Segment Start: Input material

(* Let $G=(V,E)$ be a finite connected graph satisfying CD$(F;0)$ for some CD-function $F$, with relaxation function $\varphi$. Let $u:[0,\infty)\times V\to(0,\infty)$ solve the heat equation on $G$. Then for all $0<t_1<t_2$ and $x_1,x_2\in V$, $$u(t_1,x_1)\le u(t_2,x_2)\exp\Big(\int_{t_1}^{t_2}\varphi(t)\,dt\Big)\exp\Big(\frac{2\mu_{max}\,d(x_1,x_2)^2}{w_{min}(t_2-t_1)}\Big),$$ where $\mu_{max}=\max_V\mu$, $w_{min}=\min_{xy\in E}w_{xy}$ and $d$ is the combinatorial graph distance.
   Context: Graphs are undirected and locally finite; $x\sim y$ means $xy\in E$; each edge has a weight $w_{xy}=w_{yx}>0$; $\mu:V\to(0,\infty)$. The Laplacian is $\Delta u(x)=\frac1{\mu(x)}\sum_{y\sim x}w_{xy}(u(y)-u(x))$ and $L:=-\Delta$. For $H:\mathbb R\to\mathbb R$, $\Psi_H(v)(x)=\frac1{\mu(x)}\sum_{y\sim x}w_{xy}H(v(y)-v(x))$; $\Upsilon(z)=e^z-1-z$. A CD-function is a continuous $F:[0,\infty)\to[0,\infty)$ with $F(0)=0$, $F(x)/x$ strictly increasing on $(0,\infty)$, $\int_1^\infty dr/F(r)<\infty$. Its relaxation function is the unique positive solution $\varphi$ on $(0,\infty)$ of $\dot\varphi+F(\varphi)=0$ with $\varphi(0+)=\infty$. $G$ satisfies CD$(F;0)$ if for every $x\in V$ and every $v:V\to\mathbb R$ with $Lv(x)>0$ and $Lv(x)\ge Lv(y)$ for all $y\sim x$, one has $\Delta\Psi_{\Upsilon'}(v)(x)\ge F(Lv(x))$. A solution of the heat equation is $u(t,x)$, $C^1$ in $t$, with $\partial_tu=\Delta u$ on $[0,\infty)\times V$. *)

theory Defs
  imports "HOL-Analysis.Analysis"
begin

text \<open>A weighted graph is given by a vertex set V, an edge relation E (x \<sim> y iff E x y),
  edge weights w and a vertex measure mu. Functions on V are functions on the ambient type.\<close>

definition weighted_graph ::
  "'a set \<Rightarrow> ('a \<Rightarrow> 'a \<Rightarrow> bool) \<Rightarrow> ('a \<Rightarrow> 'a \<Rightarrow> real) \<Rightarrow> ('a \<Rightarrow> real) \<Rightarrow> bool" where
  "weighted_graph V E w mu \<longleftrightarrow>
     (\<forall>x y. E x y \<longrightarrow> x \<in> V \<and> y \<in> V) \<and>
     (\<forall>x y. E x y \<longrightarrow> E y x) \<and>
     (\<forall>x y. E x y \<longrightarrow> w x y = w y x \<and> w x y > 0) \<and>
     (\<forall>x\<in>V. mu x > 0)"

definition nbrs :: "'a set \<Rightarrow> ('a \<Rightarrow> 'a \<Rightarrow> bool) \<Rightarrow> 'a \<Rightarrow> 'a set" where
  "nbrs V E x = {y \<in> V. E x y}"

definition is_walk :: "'a set \<Rightarrow> ('a \<Rightarrow> 'a \<Rightarrow> bool) \<Rightarrow> 'a list \<Rightarrow> bool" where
  "is_walk V E p \<longleftrightarrow> p \<noteq> [] \<and> set p \<subseteq> V \<and> (\<forall>i. Suc i < length p \<longrightarrow> E (p ! i) (p ! Suc i))"

definition connected_graph :: "'a set \<Rightarrow> ('a \<Rightarrow> 'a \<Rightarrow> bool) \<Rightarrow> bool" where
  "connected_graph V E \<longleftrightarrow> V \<noteq> {} \<and>
     (\<forall>x\<in>V. \<forall>y\<in>V. \<exists>p. is_walk V E p \<and> hd p = x \<and> last p = y)"

definition graph_dist :: "'a set \<Rightarrow> ('a \<Rightarrow> 'a \<Rightarrow> bool) \<Rightarrow> 'a \<Rightarrow> 'a \<Rightarrow> nat" where
  "graph_dist V E x y = (LEAST n. \<exists>p. is_walk V E p \<and> hd p = x \<and> last p = y \<and> length p = Suc n)"
(* Let $\mathcal{H}$ be a complex Hilbert space and let $A\in\mathcal{B}(\mathcal{H})$ be a positive operator with $\dim R(A)\ge 2$. Let $T\in\mathcal{B}_A(\mathcal{H})$ and $q\in\mathbb{C}$ with $|q|\le 1$, and suppose that $w_{q,A}^2(T)=\frac{|q|^2}{4}\|T^{\sharp_A}T+TT^{\sharp_A}\|_A$. Then for all $\theta\in\mathbb{R}$, \[ |q|^2\|\Re_A(e^{i\theta}T)\|_A^2=|q|^2\|\Im_A(e^{i\theta}T)\|_A^2=\frac{|q|^2}{4}\|T^{\sharp_A}T+TT^{\sharp_A}\|_A . \]
   Context: $A$ induces the semi-inner product $\langle x,y\rangle_A=\langle Ax,y\rangle$ and seminorm $\|x\|_A=\sqrt{\langle x,x\rangle_A}$. For an operator $S$, $\|S\|_A=\sup\{\|Sx\|_A/\|x\|_A : x\in\overline{R(A)},\,x\neq 0\}$. $\mathcal{B}_A(\mathcal{H})$ is the set of operators $T$ admitting an $A$-adjoint (an operator $W$ with $\langle Tx,y\rangle_A=\langle x,Wy\rangle_A$ for all $x,y$), and $T^{\sharp_A}$ denotes the unique solution $X$ of $AX=T^*A$ with $R(X)\subseteq\overline{R(A)}$. $\Re_A(T)=\frac{T+T^{\sharp_A}}{2}$ and $\Im_A(T)=\frac{T-T^{\sharp_A}}{2i}$. The $A$-$q$-numerical radius is $w_{q,A}(T)=\sup\{|\langle Tx,y\rangle_A| : \|x\|_A=\|y\|_A=1,\ \langle x,y\rangle_A=q\}$. *)

theory Defs
  imports "HOL-Analysis.Analysis"
begin

text \<open>Complex Hilbert spaces (inner product linear in the first argument,
conjugate-linear in the second), as an axiomatic type class, since the
distribution has no complex inner-product-space class.\<close>

class complex_hilbert = ab_group_add +
  fixes hscale :: "complex \<Rightarrow> 'a \<Rightarrow> 'a"
    and hinner :: "'a \<Rightarrow> 'a \<Rightarrow> complex"
  assumes hscale_add_right: "hscale a (x + y) = hscale a x + hscale a y"
    and hscale_add_left: "hscale (a + b) x = hscale a x + hscale b x"
    and hscale_hscale: "hscale a (hscale b x) = hscale (a * b) x"
    and hscale_one: "hscale 1 x = x"
    and hinner_add_left: "hinner (x + y) z = hinner x z + hinner y z"
    and hinner_scale_left: "hinner (hscale a x) y = a * hinner x y"
    and hinner_commute: "hinner y x = cnj (hinner x y)"
    and hinner_ge_zero: "0 \<le> Re (hinner x x)"
    and hinner_eq_zero: "hinner x x = 0 \<longleftrightarrow> x = 0"
    and hcomplete: "(\<forall>e>0. \<exists>N. \<forall>m\<ge>N. \<forall>n\<ge>N. sqrt (Re (hinner (X m - X n) (X m - X n))) < e)
        \<Longrightarrow> \<exists>L. (\<lambda>n. sqrt (Re (hinner (X n - L) (X n - L)))) \<longlonglongrightarrow> 0"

Segment End: Input material

Problem:
Every entry must come back exactly as written above.

Task solution:
(* Let $G=(V,E)$ be a finite connected graph satisfying CD$(F;0)$ for some CD-function $F$, with relaxation function $\varphi$. Let $u:[0,\infty)\times V\to(0,\infty)$ solve the heat equation on $G$. Then for all $0<t_1<t_2$ and $x_1,x_2\in V$, $$u(t_1,x_1)\le u(t_2,x_2)\exp\Big(\int_{t_1}^{t_2}\varphi(t)\,dt\Big)\exp\Big(\frac{2\mu_{max}\,d(x_1,x_2)^2}{w_{min}(t_2-t_1)}\Big),$$ where $\mu_{max}=\max_V\mu$, $w_{min}=\min_{xy\in E}w_{xy}$ and $d$ is the combinatorial graph distance.
   Context: Graphs are undirected and locally finite; $x\sim y$ means $xy\in E$; each edge has a weight $w_{xy}=w_{yx}>0$; $\mu:V\to(0,\infty)$. The Laplacian is $\Delta u(x)=\frac1{\mu(x)}\sum_{y\sim x}w_{xy}(u(y)-u(x))$ and $L:=-\Delta$. For $H:\mathbb R\to\mathbb R$, $\Psi_H(v)(x)=\frac1{\mu(x)}\sum_{y\sim x}w_{xy}H(v(y)-v(x))$; $\Upsilon(z)=e^z-1-z$. A CD-function is a continuous $F:[0,\infty)\to[0,\infty)$ with $F(0)=0$, $F(x)/x$ strictly increasing on $(0,\infty)$, $\int_1^\infty dr/F(r)<\infty$. Its relaxation function is the unique positive solution $\varphi$ on $(0,\infty)$ of $\dot\varphi+F(\varphi)=0$ with $\varphi(0+)=\infty$. $G$ satisfies CD$(F;0)$ if for every $x\in V$ and every $v:V\to\mathbb R$ with $Lv(x)>0$ and $Lv(x)\ge Lv(y)$ for all $y\sim x$, one has $\Delta\Psi_{\Upsilon'}(v)(x)\ge F(Lv(x))$. A solution of the heat equation is $u(t,x)$, $C^1$ in $t$, with $\partial_tu=\Delta u$ on $[0,\infty)\times V$. *)

theory Defs
  imports "HOL-Analysis.Analysis"
begin

text \<open>A weighted graph is given by a vertex set V, an edge relation E (x \<sim> y iff E x y),
  edge weights w and a vertex measure mu. Functions on V are functions on the ambient type.\<close>

definition weighted_graph ::
  "'a set \<Rightarrow> ('a \<Rightarrow> 'a \<Rightarrow> bool) \<Rightarrow> ('a \<Rightarrow> 'a \<Rightarrow> real) \<Rightarrow> ('a \<Rightarrow> real) \<Rightarrow> bool" where
  "weighted_graph V E w mu \<longleftrightarrow>
     (\<forall>x y. E x y \<longrightarrow> x \<in> V \<and> y \<in> V) \<and>
     (\<forall>x y. E x y \<longrightarrow> E y x) \<and>
     (\<forall>x y. E x y \<longrightarrow> w x y = w y x \<and> w x y > 0) \<and>
     (\<forall>x\<in>V. mu x > 0)"

definition nbrs :: "'a set \<Rightarrow> ('a \<Rightarrow> 'a \<Rightarrow> bool) \<Rightarrow> 'a \<Rightarrow> 'a set" where
  "nbrs V E x = {y \<in> V. E x y}"

definition is_walk :: "'a set \<Rightarrow> ('a \<Rightarrow> 'a \<Rightarrow> bool) \<Rightarrow> 'a list \<Rightarrow> bool" where
  "is_walk V E p \<longleftrightarrow> p \<noteq> [] \<and> set p \<subseteq> V \<and> (\<forall>i. Suc i < length p \<longrightarrow> E (p ! i) (p ! Suc i))"

definition connected_graph :: "'a set \<Rightarrow> ('a \<Rightarrow> 'a \<Rightarrow> bool) \<Rightarrow> bool" where
  "connected_graph V E \<longleftrightarrow> V \<noteq> {} \<and>
     (\<forall>x\<in>V. \<forall>y\<in>V. \<exists>p. is_walk V E p \<and> hd p = x \<and> last p = y)"

definition graph_dist :: "'a set \<Rightarrow> ('a \<Rightarrow> 'a \<Rightarrow> bool) \<Rightarrow> 'a \<Rightarrow> 'a \<Rightarrow> nat" where
  "graph_dist V E x y = (LEAST n. \<exists>p. is_walk V E p \<and> hd p = x \<and> last p = y \<and> length p = Suc n)"
(* Let $\mathcal{H}$ be a complex Hilbert space and let $A\in\mathcal{B}(\mathcal{H})$ be a positive operator with $\dim R(A)\ge 2$. Let $T\in\mathcal{B}_A(\mathcal{H})$ and $q\in\mathbb{C}$ with $|q|\le 1$, and suppose that $w_{q,A}^2(T)=\frac{|q|^2}{4}\|T^{\sharp_A}T+TT^{\sharp_A}\|_A$. Then for all $\theta\in\mathbb{R}$, \[ |q|^2\|\Re_A(e^{i\theta}T)\|_A^2=|q|^2\|\Im_A(e^{i\theta}T)\|_A^2=\frac{|q|^2}{4}\|T^{\sharp_A}T+TT^{\sharp_A}\|_A . \]
   Context: $A$ induces the semi-inner product $\langle x,y\rangle_A=\langle Ax,y\rangle$ and seminorm $\|x\|_A=\sqrt{\langle x,x\rangle_A}$. For an operator $S$, $\|S\|_A=\sup\{\|Sx\|_A/\|x\|_A : x\in\overline{R(A)},\,x\neq 0\}$. $\mathcal{B}_A(\mathcal{H})$ is the set of operators $T$ admitting an $A$-adjoint (an operator $W$ with $\langle Tx,y\rangle_A=\langle x,Wy\rangle_A$ for all $x,y$), and $T^{\sharp_A}$ denotes the unique solution $X$ of $AX=T^*A$ with $R(X)\subseteq\overline{R(A)}$. $\Re_A(T)=\frac{T+T^{\sharp_A}}{2}$ and $\Im_A(T)=\frac{T-T^{\sharp_A}}{2i}$. The $A$-$q$-numerical radius is $w_{q,A}(T)=\sup\{|\langle Tx,y\rangle_A| : \|x\|_A=\|y\|_A=1,\ \langle x,y\rangle_A=q\}$. *)

theory Defs
  imports "HOL-Analysis.Analysis"
begin

text \<open>Complex Hilbert spaces (inner product linear in the first argument,
conjugate-linear in the second), as an axiomatic type class, since the
distribution has no complex inner-product-space class.\<close>

class complex_hilbert = ab_group_add +
  fixes hscale :: "complex \<Rightarrow> 'a \<Rightarrow> 'a"
    and hinner :: "'a \<Rightarrow> 'a \<Rightarrow> complex"
  assumes hscale_add_right: "hscale a (x + y) = hscale a x + hscale a y"
    and hscale_add_left: "hscale (a + b) x = hscale a x + hscale b x"
    and hscale_hscale: "hscale a (hscale b x) = hscale (a * b) x"
    and hscale_one: "hscale 1 x = x"
    and hinner_add_left: "hinner (x + y) z = hinner x z + hinner y z"
    and hinner_scale_left: "hinner (hscale a x) y = a * hinner x y"
    and hinner_commute: "hinner y x = cnj (hinner x y)"
    and hinner_ge_zero: "0 \<le> Re (hinner x x)"
    and hinner_eq_zero: "hinner x x = 0 \<longleftrightarrow> x = 0"
    and hcomplete: "(\<forall>e>0. \<exists>N. \<forall>m\<ge>N. \<forall>n\<ge>N. sqrt (Re (hinner (X m - X n) (X m - X n))) < e)
        \<Longrightarrow> \<exists>L. (\<lambda>n. sqrt (Re (hinner (X n - L) (X n - L)))) \<longlonglongrightarrow> 0"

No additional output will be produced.